# Change time to allow for daylight saving



## Joe Blow

If you find that the time on Aussie Stock Forums is out due to daylight saving, don't forget that you can adjust your time settings in the 'Edit Options' section of your UserCP.

You will find a setting there that allows for daylight saving.


----------



## Joe Blow

Joe Blow said:


> If you find that the time on Aussie Stock Forums is out due to daylight saving, don't forget that you can adjust your time settings in the 'Edit Options' section of your UserCP.
> 
> You will find a setting there that allows for daylight saving.




Now that daylight saving has kicked in some of you may find that the time on the forums is an hour out. All ASF members can select their own timezone and daylight saving options in their User Control Panel: https://www.aussiestockforums.com/account/preferences

Just scroll down to where it says 'Date & Time Options' and select the correct options for your timezone and daylight saving situation.


----------



## Joe Blow

Joe Blow said:


> Now that daylight saving has kicked in some of you may find that the time on the forums is an hour out. All ASF members can select their own timezone and daylight saving options in their User Control Panel: https://www.aussiestockforums.com/account/preferences
> 
> Just scroll down to where it says 'Date & Time Options' and select the correct options for your timezone and daylight saving situation.




Just a reminder for those who have discovered that the ASF clock is an hour out after the introduction of daylight saving this year.


----------



## Joe Blow

I have just been contacted by an ASF member who let me know that the time displayed on ASF for him is still out by an hour after the end of daylight saving earlier this month.

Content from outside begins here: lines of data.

lemma poisson_cdf_0: "0 < m \<Longrightarrow> poisson_cdf m 0 = 1"
proof (induction m)
  case (Suc m)
  then show ?case by (cases m) (auto simp: poisson_cdf_def poisson_term_def)
qed simp

lemma poisson_cdf_nonneg: "0 \<le> x \<Longrightarrow> 0 \<le> poisson_cdf m x"
  unfolding poisson_cdf_def by (intro sum_nonneg poisson_term_nonneg)

lemma continuous_on_poisson_cdf: "continuous_on S (poisson_cdf m)"
  unfolding poisson_cdf_def[abs_def] poisson_term_def by (intro continuous_intros) auto

lemma has_real_derivative_poisson_term:
  "(poisson_term (Suc j) has_real_derivative poisson_term j x - poisson_term (Suc j) x) (at x)"
proof -
  have "(poisson_term (Suc j) has_real_derivative
      (exp (-x) * (real (Suc j) * x ^ j) - exp (-x) * x ^ Suc j) / fact (Suc j)) (at x)"
    unfolding poisson_term_def[abs_def]
    by (rule derivative_eq_intros refl | simp)+
  moreover have "(exp (-x) * (real (Suc j) * x ^ j) - exp (-x) * x ^ Suc j) / fact (Suc j)
      = poisson_term j x - poisson_term (Suc j) x"
    unfolding poisson_term_def fact_Suc by (simp add: diff_divide_distrib)
  ultimately show ?thesis by simp
qed

lemma has_real_derivative_poisson_cdf:
  "(poisson_cdf (Suc n) has_real_derivative - poisson_term n x) (at x)"
proof (induction n)
  case 0
  show ?case
    unfolding poisson_cdf_def[abs_def] poisson_term_def by (auto intro!: derivative_eq_intros)
next
  case (Suc n)
  have "poisson_cdf (Suc (Suc n)) = (\<lambda>x. poisson_cdf (Suc n) x + poisson_term (Suc n) x)"
    by (simp add: poisson_cdf_Suc[abs_def])
  then show ?case
    using DERIV_add[OF Suc has_real_derivative_poisson_term[of n x]] by simp
qed

lemma poisson_cdf_strict_antimono:
  assumes "0 \<le> a" "a < b" "0 < m"
  shows "poisson_cdf m b < poisson_cdf m a"
proof -
  obtain n where m: "m = Suc n" using \<open>0 < m\<close> gr0_implies_Suc by blast
  show ?thesis unfolding m
  proof (rule DERIV_neg_imp_decreasing_open[OF \<open>a < b\<close>])
    fix x assume "a < x" "x < b"
    then show "\<exists>y. DERIV (poisson_cdf (Suc n)) x :> y \<and> y < 0"
      using has_real_derivative_poisson_cdf poisson_term_pos \<open>0 \<le> a\<close> by force
  qed (rule continuous_on_poisson_cdf)
qed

If anyone else is experiencing this issue, please note that each ASF member controls their own time zone and DST options. If ASF is currently showing the wrong time for your time zone, please follow these instructions to correct it:

1. Go to the *General Settings* section of your *User Options* by clicking this link: https://www.aussiestockforums.com/account/preferences
2. Scroll down the page to where it says *Date & Time Options*.
3. Adjust your *Time Zone* and *DST Correction Option* to the correct settings for your location.
4. Scroll down to the bottom of the page and click the *Save Changes* button.


----------



## Tink

As of tomorrow Daylight Saving starts again - clocks forward an hour : )


----------



## Garpal Gumnut

Tink said:


> As of tomorrow Daylight Saving starts again - clocks forward an hour : )




Poor southern state schoolkids, chooks and cows.
Queensland remains on time.

gg


----------



## Tink

Daylight Saving ends today - clocks back an hour.


----------



## explod

*Re: ASF Site Performance*

Hi Joe, 

I put up a post 30 minutes ago but it says posted at 1.52pm
Now 1.35

Not of concern this end but maybe something for you. 

Cheers explod


----------



## Joe Blow

explod said:


> Hi Joe,
> 
> I put up a post 30 minutes ago but it says posted at 1.52pm
> Now 1.35
> 
> Not of concern this end but maybe something for you.
> 
> Cheers explod




I always seem to have trouble with daylight saving time with ASF's software. For some reason, it does not seem to differentiate between the northern and southern hemispheres and when daylight saving starts in the northern hemisphere it plays havoc with the times on ASF.

I have adjusted the local time for guests and new ASF members to AEDT. However, local times for others may now not be correct. If the ASF time is not correct for your time zone, you can adjust it by changing your DST settings in your User Control Panel.

Please follow these instructions to change your local time.



Joe Blow said:


> 1. Go to the *General Settings* section of your *User Options* by clicking this link: https://www.aussiestockforums.com/account/preferences
> 2. Scroll down the page to where it says *Date & Time Options*.
> 3. Adjust your *Time Zone* and *DST Correction Option* to the correct settings for your location.
> 4. Scroll down to the bottom of the page and click the *Save Changes* button.




If anyone has any questions, please don't hesitate to ask.


----------



## Joe Blow

I have just investigated further and it seems that North America and surrounds change to summer time on Sunday, March 8, and that seems to be what has messed with the time at ASF. Europe changes to summer time on Sunday, March 29.

http://www.timeanddate.com/time/dst/2015.html


----------